Records to use ▸
(* Let $V$ be a nonzero finite-dimensional complex vector space with a norm $\lVert\cdot\rVert$. Let $x,y\in\mathrm U(V)$ be such that the subgroup of $\mathrm{GL}(V)$ generated by $x$ and $y$ is finite, and suppose $\lVert \mathrm{id}_V-x\rVert_{\mathrm{op}}<1/2$ and $\lVert \mathrm{id}_V-y\rVert_{\mathrm{op}}<1/2$. Then $xy=yx$.
   Context: $\mathrm U(V)$ denotes the group of linear isometries of $V$, i.e. the set of $x\in\mathrm{GL}(V)$ with $\lVert xv\rVert=\lVert v\rVert$ for all $v\in V$. For $a\in\mathrm{End}(V)$, the operator norm is $\lVert a\rVert_{\mathrm{op}}=\max\{\lVert av\rVert : v\in V,\ \lVert v\rVert=1\}$. *)

theory Defs
  imports "HOL-Analysis.Analysis"
begin

text \<open>V is modelled as complex^'n (any finite index type; nonzero since types are
nonempty), equipped with an arbitrary norm N. Endomorphisms are n x n complex matrices.\<close>

definition is_norm :: "(complex ^ 'n \<Rightarrow> real) \<Rightarrow> bool" where
  "is_norm N \<longleftrightarrow>
     (\<forall>v. 0 \<le> N v) \<and> (\<forall>v. N v = 0 \<longleftrightarrow> v = 0) \<and>
     (\<forall>c v. N (c *s v) = cmod c * N v) \<and>
     (\<forall>v w. N (v + w) \<le> N v + N w)"

definition unitary_group :: "(complex ^ 'n \<Rightarrow> real) \<Rightarrow> (complex ^ 'n ^ 'n) set" where
  "unitary_group N = {x. invertible x \<and> (\<forall>v. N (x *v v) = N v)}"

definition op_norm :: "(complex ^ 'n \<Rightarrow> real) \<Rightarrow> complex ^ 'n ^ 'n \<Rightarrow> real" where
  "op_norm N a = Sup ((\<lambda>v. N (a *v v)) ` {v. N v = 1})"

inductive_set gen_subgroup :: "complex ^ 'n ^ 'n \<Rightarrow> complex ^ 'n ^ 'n \<Rightarrow> (complex ^ 'n ^ 'n) set"
  for x y where
  one: "mat 1 \<in> gen_subgroup x y"
| mx: "g \<in> gen_subgroup x y \<Longrightarrow> x ** g \<in> gen_subgroup x y"
| my: "g \<in> gen_subgroup x y \<Longrightarrow> y ** g \<in> gen_subgroup x y"
| mxi: "g \<in> gen_subgroup x y \<Longrightarrow> matrix_inv x ** g \<in> gen_subgroup x y"
| myi: "g \<in> gen_subgroup x y \<Longrightarrow> matrix_inv y ** g \<in> gen_subgroup x y"

end

theory Submission
  imports Defs
begin

(* For isometries g, h the identities
     1 - [g,h] = ((1 - h)(1 - g) - (1 - g)(1 - h)) g^-1 h^-1   and   1 - [g,h] = (g (1 - h) g^-1 - (1 - h)) h^-1
   give |1 - [g,h]| <= 2 |1 - g| |1 - h| and |1 - [g,h]| <= 2 |1 - h| in operator norm.
   By the first, the iterated commutators z_0 = y, z_(k+1) = [x, z_k] satisfy
   |1 - z_k| <= |1 - y| (2 |1 - x|)^k --> 0; as they range over a finite group, some z_k = 1.
   Going back down: if x commutes with c = [x, z] and |1 - z| < 1/2, then c^n = [x^n, z], so by the
   second bound every power of c lies within distance 2 |1 - z| < 1 of the identity; averaging over
   the finite cyclic group generated by c then forces c = 1. So x commutes with every z_k, and
   in particular with y. *)

lemma matrix_inv_right:
  fixes A :: "'a::field^'n^'n"
  assumes "invertible A"
  shows "A ** matrix_inv A = mat 1"
  using someI_ex[of "\<lambda>A'. A ** A' = mat 1 \<and> A' ** A = mat 1"] assms
  unfolding invertible_def matrix_inv_def by blast

lemma matrix_inv_left:
  fixes A :: "'a::field^'n^'n"
  assumes "invertible A"
  shows "matrix_inv A ** A = mat 1"
  using matrix_inv_right[OF assms] matrix_left_right_inverse by blast

lemma matrix_mul_inv_cancel_right:
  fixes A B :: "'a::field^'n^'n"
  assumes "invertible B"
  shows "A ** B ** matrix_inv B = A" and "A ** matrix_inv B ** B = A"
  by (simp_all add: assms matrix_inv_left matrix_inv_right flip: matrix_mul_assoc)

lemma matrix_inv_eq:
  fixes A B :: "'a::field^'n^'n"
  assumes "A ** B = mat 1"
  shows "matrix_inv A = B"
proof -
  have "invertible A"
    using assms invertible_right_inverse by blast
  then have "matrix_inv A = matrix_inv A ** (A ** B)"
    using assms by simp
  also have "\<dots> = B"
    using matrix_inv_left[OF \<open>invertible A\<close>] by (simp add: matrix_mul_assoc)
  finally show ?thesis .
qed

lemma invertible_mat1: "invertible (mat 1 :: 'a::semiring_1^'n^'n)"
  unfolding invertible_def by (metis matrix_mul_lid)

lemma invertible_matrix_inv:
  fixes A :: "'a::field^'n^'n"
  assumes "invertible A"
  shows "invertible (matrix_inv A)"
  using matrix_inv_left[OF assms] invertible_right_inverse by blast

lemma matrix_inv_matrix_inv:
  fixes A :: "'a::field^'n^'n"
  assumes "invertible A"
  shows "matrix_inv (matrix_inv A) = A"
  by (rule matrix_inv_eq[OF matrix_inv_left[OF assms]])

lemma matrix_inv_mult:
  fixes A B :: "'a::field^'n^'n"
  assumes "invertible A" and "invertible B"
  shows "matrix_inv (A ** B) = matrix_inv B ** matrix_inv A"
  by (rule matrix_inv_eq)
    (simp add: assms matrix_mul_assoc matrix_mul_inv_cancel_right matrix_inv_right)

lemma matrix_mul_diff_distrib:
  fixes A B C :: "'a::ring_1^'n^'n"
  shows "A ** (B - C) = A ** B - A ** C" and "(A - B) ** C = A ** C - B ** C"
  by (simp_all add: matrix_eq matrix_vector_mult_diff_distrib matrix_vector_mult_diff_rdistrib
      flip: matrix_vector_mul_assoc)

primrec matrix_pow :: "'a::semiring_1^'n^'n \<Rightarrow> nat \<Rightarrow> 'a^'n^'n" where
  "matrix_pow A 0 = mat 1"
| "matrix_pow A (Suc k) = A ** matrix_pow A k"

lemma matrix_pow_Suc_right: "matrix_pow A (Suc k) = matrix_pow A k ** A"
  by (induction k) (simp_all add: matrix_mul_assoc)

lemma matrix_pow_add: "matrix_pow A (i + j) = matrix_pow A i ** matrix_pow A j"
  by (induction i) (simp_all add: matrix_mul_assoc)

lemma matrix_pow_commute:
  assumes "A ** B = B ** A"
  shows "A ** matrix_pow B k = matrix_pow B k ** A"
proof (induction k)
  case (Suc k)
  have "A ** matrix_pow B (Suc k) = A ** B ** matrix_pow B k"
    by (simp add: matrix_mul_assoc)
  also have "\<dots> = B ** (A ** matrix_pow B k)"
    by (simp add: assms matrix_mul_assoc)
  finally show ?case
    by (simp add: Suc.IH matrix_mul_assoc)
qed simp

Exercise description ▸ Write out every entry word for word.

Exercise solution ▸
(* Let $V$ be a nonzero finite-dimensional complex vector space with a norm $\lVert\cdot\rVert$. Let $x,y\in\mathrm U(V)$ be such that the subgroup of $\mathrm{GL}(V)$ generated by $x$ and $y$ is finite, and suppose $\lVert \mathrm{id}_V-x\rVert_{\mathrm{op}}<1/2$ and $\lVert \mathrm{id}_V-y\rVert_{\mathrm{op}}<1/2$. Then $xy=yx$.
   Context: $\mathrm U(V)$ denotes the group of linear isometries of $V$, i.e. the set of $x\in\mathrm{GL}(V)$ with $\lVert xv\rVert=\lVert v\rVert$ for all $v\in V$. For $a\in\mathrm{End}(V)$, the operator norm is $\lVert a\rVert_{\mathrm{op}}=\max\{\lVert av\rVert : v\in V,\ \lVert v\rVert=1\}$. *)

theory Defs
  imports "HOL-Analysis.Analysis"
begin

text \<open>V is modelled as complex^'n (any finite index type; nonzero since types are
nonempty), equipped with an arbitrary norm N. Endomorphisms are n x n complex matrices.\<close>

definition is_norm :: "(complex ^ 'n \<Rightarrow> real) \<Rightarrow> bool" where
  "is_norm N \<longleftrightarrow>
     (\<forall>v. 0 \<le> N v) \<and> (\<forall>v. N v = 0 \<longleftrightarrow> v = 0) \<and>
     (\<forall>c v. N (c *s v) = cmod c * N v) \<and>
     (\<forall>v w. N (v + w) \<le> N v + N w)"

definition unitary_group :: "(complex ^ 'n \<Rightarrow> real) \<Rightarrow> (complex ^ 'n ^ 'n) set" where
  "unitary_group N = {x. invertible x \<and> (\<forall>v. N (x *v v) = N v)}"

definition op_norm :: "(complex ^ 'n \<Rightarrow> real) \<Rightarrow> complex ^ 'n ^ 'n \<Rightarrow> real" where
  "op_norm N a = Sup ((\<lambda>v. N (a *v v)) ` {v. N v = 1})"

inductive_set gen_subgroup :: "complex ^ 'n ^ 'n \<Rightarrow> complex ^ 'n ^ 'n \<Rightarrow> (complex ^ 'n ^ 'n) set"
  for x y where
  one: "mat 1 \<in> gen_subgroup x y"
| mx: "g \<in> gen_subgroup x y \<Longrightarrow> x ** g \<in> gen_subgroup x y"
| my: "g \<in> gen_subgroup x y \<Longrightarrow> y ** g \<in> gen_subgroup x y"
| mxi: "g \<in> gen_subgroup x y \<Longrightarrow> matrix_inv x ** g \<in> gen_subgroup x y"
| myi: "g \<in> gen_subgroup x y \<Longrightarrow> matrix_inv y ** g \<in> gen_subgroup x y"

end

theory Submission
  imports Defs
begin

(* For isometries g, h the identities
     1 - [g,h] = ((1 - h)(1 - g) - (1 - g)(1 - h)) g^-1 h^-1   and   1 - [g,h] = (g (1 - h) g^-1 - (1 - h)) h^-1
   give |1 - [g,h]| <= 2 |1 - g| |1 - h| and |1 - [g,h]| <= 2 |1 - h| in operator norm.
   By the first, the iterated commutators z_0 = y, z_(k+1) = [x, z_k] satisfy
   |1 - z_k| <= |1 - y| (2 |1 - x|)^k --> 0; as they range over a finite group, some z_k = 1.
   Going back down: if x commutes with c = [x, z] and |1 - z| < 1/2, then c^n = [x^n, z], so by the
   second bound every power of c lies within distance 2 |1 - z| < 1 of the identity; averaging over
   the finite cyclic group generated by c then forces c = 1. So x commutes with every z_k, and
   in particular with y. *)

lemma matrix_inv_right:
  fixes A :: "'a::field^'n^'n"
  assumes "invertible A"
  shows "A ** matrix_inv A = mat 1"
  using someI_ex[of "\<lambda>A'. A ** A' = mat 1 \<and> A' ** A = mat 1"] assms
  unfolding invertible_def matrix_inv_def by blast

lemma matrix_inv_left:
  fixes A :: "'a::field^'n^'n"
  assumes "invertible A"
  shows "matrix_inv A ** A = mat 1"
  using matrix_inv_right[OF assms] matrix_left_right_inverse by blast

lemma matrix_mul_inv_cancel_right:
  fixes A B :: "'a::field^'n^'n"
  assumes "invertible B"
  shows "A ** B ** matrix_inv B = A" and "A ** matrix_inv B ** B = A"
  by (simp_all add: assms matrix_inv_left matrix_inv_right flip: matrix_mul_assoc)

lemma matrix_inv_eq:
  fixes A B :: "'a::field^'n^'n"
  assumes "A ** B = mat 1"
  shows "matrix_inv A = B"
proof -
  have "invertible A"
    using assms invertible_right_inverse by blast
  then have "matrix_inv A = matrix_inv A ** (A ** B)"
    using assms by simp
  also have "\<dots> = B"
    using matrix_inv_left[OF \<open>invertible A\<close>] by (simp add: matrix_mul_assoc)
  finally show ?thesis .
qed

lemma invertible_mat1: "invertible (mat 1 :: 'a::semiring_1^'n^'n)"
  unfolding invertible_def by (metis matrix_mul_lid)

lemma invertible_matrix_inv:
  fixes A :: "'a::field^'n^'n"
  assumes "invertible A"
  shows "invertible (matrix_inv A)"
  using matrix_inv_left[OF assms] invertible_right_inverse by blast

lemma matrix_inv_matrix_inv:
  fixes A :: "'a::field^'n^'n"
  assumes "invertible A"
  shows "matrix_inv (matrix_inv A) = A"
  by (rule matrix_inv_eq[OF matrix_inv_left[OF assms]])

lemma matrix_inv_mult:
  fixes A B :: "'a::field^'n^'n"
  assumes "invertible A" and "invertible B"
  shows "matrix_inv (A ** B) = matrix_inv B ** matrix_inv A"
  by (rule matrix_inv_eq)
    (simp add: assms matrix_mul_assoc matrix_mul_inv_cancel_right matrix_inv_right)

lemma matrix_mul_diff_distrib:
  fixes A B C :: "'a::ring_1^'n^'n"
  shows "A ** (B - C) = A ** B - A ** C" and "(A - B) ** C = A ** C - B ** C"
  by (simp_all add: matrix_eq matrix_vector_mult_diff_distrib matrix_vector_mult_diff_rdistrib
      flip: matrix_vector_mul_assoc)

primrec matrix_pow :: "'a::semiring_1^'n^'n \<Rightarrow> nat \<Rightarrow> 'a^'n^'n" where
  "matrix_pow A 0 = mat 1"
| "matrix_pow A (Suc k) = A ** matrix_pow A k"

lemma matrix_pow_Suc_right: "matrix_pow A (Suc k) = matrix_pow A k ** A"
  by (induction k) (simp_all add: matrix_mul_assoc)

lemma matrix_pow_add: "matrix_pow A (i + j) = matrix_pow A i ** matrix_pow A j"
  by (induction i) (simp_all add: matrix_mul_assoc)

lemma matrix_pow_commute:
  assumes "A ** B = B ** A"
  shows "A ** matrix_pow B k = matrix_pow B k ** A"
proof (induction k)
  case (Suc k)
  have "A ** matrix_pow B (Suc k) = A ** B ** matrix_pow B k"
    by (simp add: matrix_mul_assoc)
  also have "\<dots> = B ** (A ** matrix_pow B k)"
    by (simp add: assms matrix_mul_assoc)
  finally show ?case
    by (simp add: Suc.IH matrix_mul_assoc)
qed simp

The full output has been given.